_EXERCISE INSTRUCTIONS_
Repeat exactly, and only, the lines of the entries below from the one with "obtains t where" through the one with "then obtain t", both ends included.

Records from a dataset:
=====

definition sadd :: "nat \<Rightarrow> (nat list \<Rightarrow> int) \<Rightarrow> (nat list \<Rightarrow> int) \<Rightarrow> (nat list \<Rightarrow> int)" where
  "sadd p f g = (\<lambda>q. (f q + g q) mod int p)"

definition sneg :: "nat \<Rightarrow> (nat list \<Rightarrow> int) \<Rightarrow> (nat list \<Rightarrow> int)" where
  "sneg p f = (\<lambda>q. (- f q) mod int p)"

definition smul :: "nat \<Rightarrow> nat \<Rightarrow> (nat list \<Rightarrow> int) \<Rightarrow> (nat list \<Rightarrow> int) \<Rightarrow> (nat list \<Rightarrow> int)" where
  "smul n p f g = (\<lambda>u. (\<Sum>q\<in>comps n. \<Sum>r\<in>comps n. f q * g r * int (Bcoeff q r u)) mod int p)"

definition Bbar :: "nat \<Rightarrow> nat list \<Rightarrow> (nat list \<Rightarrow> int)" where
  "Bbar p q = (\<lambda>s. if s = q then 1 mod int p else 0)"

definition lideal :: "nat \<Rightarrow> nat \<Rightarrow> (nat list \<Rightarrow> int) set \<Rightarrow> bool" where
  "lideal n p I \<longleftrightarrow> I \<subseteq> Sig n p \<and> (\<lambda>_. 0) \<in> I
     \<and> (\<forall>x\<in>I. \<forall>y\<in>I. sadd p x y \<in> I) \<and> (\<forall>x\<in>I. sneg p x \<in> I)
     \<and> (\<forall>a\<in>Sig n p. \<forall>x\<in>I. smul n p a x \<in> I)"

definition max_lideal :: "nat \<Rightarrow> nat \<Rightarrow> (nat list \<Rightarrow> int) set \<Rightarrow> bool" where
  "max_lideal n p I \<longleftrightarrow> lideal n p I \<and> I \<noteq> Sig n p
     \<and> (\<forall>J. lideal n p J \<and> I \<subseteq> J \<longrightarrow> J = I \<or> J = Sig n p)"

definition rad :: "nat \<Rightarrow> nat \<Rightarrow> (nat list \<Rightarrow> int) set" where
  "rad n p = Sig n p \<inter> \<Inter> {I. max_lideal n p I}"

definition lincomb :: "nat \<Rightarrow> ((nat list \<Rightarrow> int) \<Rightarrow> int) \<Rightarrow> (nat list \<Rightarrow> int) set \<Rightarrow> (nat list \<Rightarrow> int)" where
  "lincomb p c F = (\<lambda>q. (\<Sum>v\<in>F. c v * v q) mod int p)"

definition span_p :: "nat \<Rightarrow> (nat list \<Rightarrow> int) set \<Rightarrow> (nat list \<Rightarrow> int) set" where
  "span_p p S = {lincomb p c F | c F. finite F \<and> F \<subseteq> S}"

definition ssum :: "nat \<Rightarrow> (nat list \<Rightarrow> int) set \<Rightarrow> (nat list \<Rightarrow> int) set \<Rightarrow> (nat list \<Rightarrow> int) set" where
  "ssum p U V = {sadd p u v | u v. u \<in> U \<and> v \<in> V}"

definition Ysp :: "nat \<Rightarrow> nat \<Rightarrow> nat \<Rightarrow> (nat list \<Rightarrow> int) set" where
  "Ysp n p m = span_p p {Bbar p q | q. q \<in> comps n \<and> m \<le> length q}"

definition Tsp :: "nat \<Rightarrow> nat \<Rightarrow> (nat list \<Rightarrow> int) set" where
  "Tsp n p = span_p p {sadd p (Bbar p q) (sneg p (Bbar p r)) | q r.
      q \<in> comps n \<and> r \<in> comps n \<and> mset q = mset r}"

end

theory Submission
  imports Defs "HOL-Number_Theory.Cong"
begin

text \<open>The radical lies in the kernel of every algebra homomorphism \<open>\<Sigma>(n, p) \<rightarrow> \<FF>\<^sub>p\<close>, since
  such a kernel is a maximal left ideal. For \<open>a + b = n\<close> the map \<open>\<chi>\<^sub>a\<^sub>b\<close> sending \<open>B\<^sub>q\<close> to
  \<open>[q has one part] + [q = [a, b]] + [q = [b, a]]\<close> is such a homomorphism: \<open>c(Z)\<close> has at least as
  many parts as \<open>q\<close> and \<open>r\<close>, and for two-part \<open>q\<close> and \<open>r\<close> only the two permutation matrices give a
  two-part \<open>c(Z)\<close>. On a radical element \<open>x\<close>, \<open>\<chi>\<^sub>0\<^sub>n\<close> gives \<open>x\<^sub>[\<^sub>n\<^sub>] = 0\<close> and \<open>\<chi>\<^sub>a\<^sub>b\<close> gives
  \<open>x\<^sub>[\<^sub>a\<^sub>,\<^sub>b\<^sub>] + x\<^sub>[\<^sub>b\<^sub>,\<^sub>a\<^sub>] = 0\<close>. So the part of \<open>x\<close> on two-part compositions with distinct
  parts lies in \<open>Y\<^sub>2 \<inter> \<T>\<close>, the part on longer compositions lies in \<open>Y\<^sub>3\<close>, and a diagonal
  coordinate satisfies \<open>2 x\<^sub>[\<^sub>c\<^sub>,\<^sub>c\<^sub>] = 0\<close>, so it vanishes unless \<open>p = 2\<close> and \<open>n = 2c\<close>.\<close>

lemma sum_mult_mod_right:
  fixes w f :: "'a \<Rightarrow> int"
  shows "(\<Sum>u\<in>A. w u * (f u mod m)) mod m = (\<Sum>u\<in>A. w u * f u) mod m"
proof -
  have "(\<Sum>u\<in>A. w u * (f u mod m)) mod m = (\<Sum>u\<in>A. w u * (f u mod m) mod m) mod m"
    by (rule mod_sum_eq[symmetric])
  also have "\<dots> = (\<Sum>u\<in>A. w u * f u mod m) mod m"
    by (simp only: mod_mult_right_eq)
  finally show ?thesis by (simp only: mod_sum_eq)
qed

lemma minus_mod_eq_if_add_mod_eq_0:
  fixes a b m :: int
  assumes "(a + b) mod m = 0"
  shows "(- a) mod m = b mod m"
proof -
  have "b mod m = (a + b - a) mod m" by simp
  also have "\<dots> = ((a + b) mod m - a) mod m" by (rule mod_diff_left_eq[symmetric])
  finally show ?thesis using assms by simp
qed

lemma mod_inverse_prime:
  assumes "prime p" "0 < k" "k < int p"
  obtains t where "(t * k) mod int p = 1"
proof -
  have "\<not> int p dvd k" using assms(2,3) zdvd_imp_le by fastforce
  hence "coprime k (int p)"
    using prime_imp_coprime[of "int p" k] assms(1) by (simp add: coprime_commute)
  then obtain t where "[k * t = 1] (mod int p)" using cong_solve_coprime_int by blast
  moreover have "1 mod int p = 1" using prime_gt_1_nat[OF assms(1)] by simp
  ultimately show ?thesis using that by (simp add: cong_def mult.commute)
qed

lemma finite_comps: "finite (comps n)"
proof -
  have "comps n \<subseteq> {xs. set xs \<subseteq> {0..n} \<and> length xs \<le> n}"
  proof
    fix q assume "q \<in> comps n"
    hence pos: "\<forall>x\<in>set q. 0 < x" and sum: "sum_list q = n" by (auto simp: comps_def)
    have "length q \<le> sum_list q" using pos by (induction q) auto
    moreover have "set q \<subseteq> {0..n}" using sum member_le_sum_list by fastforce
    ultimately show "q \<in> {xs. set xs \<subseteq> {0..n} \<and> length xs \<le> n}" using sum by auto
  qed
  thus ?thesis using finite_lists_length_le[of "{0..n}" n] finite_subset by blast
qed

lemma comps_length_ge_1: "q \<in> comps n \<Longrightarrow> 1 \<le> n \<Longrightarrow> 1 \<le> length q"
  by (cases q) (auto simp: comps_def)

lemma comps_length_1: "q \<in> comps n \<Longrightarrow> length q = 1 \<Longrightarrow> q = [n]"
  by (cases q) (auto simp: comps_def)

lemma length_2E:
  assumes "length xs = 2"
  obtains a b where "xs = [a, b]"
  using assms by (cases xs; cases "tl xs") auto

section \<open>The matrices \<open>S(q, r)\<close>\<close>

lemma Smat_entry_le:
  assumes "q \<in> comps n" "Z \<in> Smat q r"
  shows "Z i j \<le> n"
proof (cases "i < length q \<and> j < length r")
  case True
  have "Z i j \<le> (\<Sum>j<length r. Z i j)" using True by (intro member_le_sum) auto
  also have "\<dots> = q ! i" using assms True by (auto simp: Smat_def)
  also have "\<dots> \<le> n" using assms True elem_le_sum_list[of i q] by (auto simp: comps_def)
  finally show ?thesis .
next
  case False thus ?thesis using assms by (auto simp: Smat_def)
qed

lemma finite_Smat:
  assumes "q \<in> comps n"
  shows "finite (Smat q r)"
proof -
  let ?A = "{..<length q} \<times> {..<length r}"
  let ?F = "{f. \<forall>x. (x \<in> ?A \<longrightarrow> f x \<in> {..n}) \<and> (x \<notin> ?A \<longrightarrow> f x = (0::nat))}"
  have "finite ?F" by (rule finite_set_of_finite_funs) auto
  moreover have "Smat q r \<subseteq> curry ` ?F"
  proof
    fix Z assume Z: "Z \<in> Smat q r"
    have "Z = curry (case_prod Z)" by simp
    moreover have "case_prod Z \<in> ?F" using Z Smat_entry_le[OF assms Z] by (auto simp: Smat_def)
    ultimately show "Z \<in> curry ` ?F" by blast
  qed
  ultimately show ?thesis using finite_subset by blast
qed

lemma sum_list_cZ: "sum_list (cZ s t Z) = (\<Sum>i<s. \<Sum>j<t. Z i j)"
proof -
  have concat: "sum_list (concat xss) = sum_list (map sum_list xss)" for xss :: "nat list list"
    by (induction xss) auto
  have "sum_list (cZ s t Z) = sum_list (concat (map (\<lambda>i. map (Z i) [0..<t]) [0..<s]))"
    unfolding cZ_def by (rule sum_list_map_filter[where f = id, simplified]) auto
  thus ?thesis by (simp add: concat o_def interv_sum_list_conv_sum_set_nat atLeast0LessThan)
qed

lemma cZ_in_comps:
  assumes "q \<in> comps n" "Z \<in> Smat q r"
  shows "cZ (length q) (length r) Z \<in> comps n"
proof -
  have "(\<Sum>i<length q. \<Sum>j<length r. Z i j) = (\<Sum>i<length q. q ! i)"
    using assms(2) by (auto simp: Smat_def)
  also have "\<dots> = n" using assms(1) by (simp add: comps_def sum_list_sum_nth atLeast0LessThan)
  finally have "sum_list (cZ (length q) (length r) Z) = n" by (simp add: sum_list_cZ)
  thus ?thesis by (auto simp: comps_def cZ_def)
qed

lemma length_cZ: "length (cZ s t Z) = card (SIGMA i:{..<s}. {j. j < t \<and> Z i j \<noteq> 0})"
proof -
  have "length (cZ s t Z) = (\<Sum>i<s. length (filter (\<lambda>j. Z i j \<noteq> 0) [0..<t]))"
    unfolding cZ_def filter_concat length_concat map_map
    by (simp add: o_def filter_map interv_sum_list_conv_sum_set_nat atLeast0LessThan)
  also have "\<dots> = (\<Sum>i<s. card {j. j < t \<and> Z i j \<noteq> 0})"
    by (intro sum.cong refl) (simp add: distinct_length_filter Int_def conj_commute)
  finally show ?thesis by simp
qed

=====

_TASK ANSWER_
  obtains t where "(t * k) mod int p = 1"
proof -
  have "\<not> int p dvd k" using assms(2,3) zdvd_imp_le by fastforce
  hence "coprime k (int p)"
    using prime_imp_coprime[of "int p" k] assms(1) by (simp add: coprime_commute)
  then obtain t where "[k * t = 1] (mod int p)" using cong_solve_coprime_int by blast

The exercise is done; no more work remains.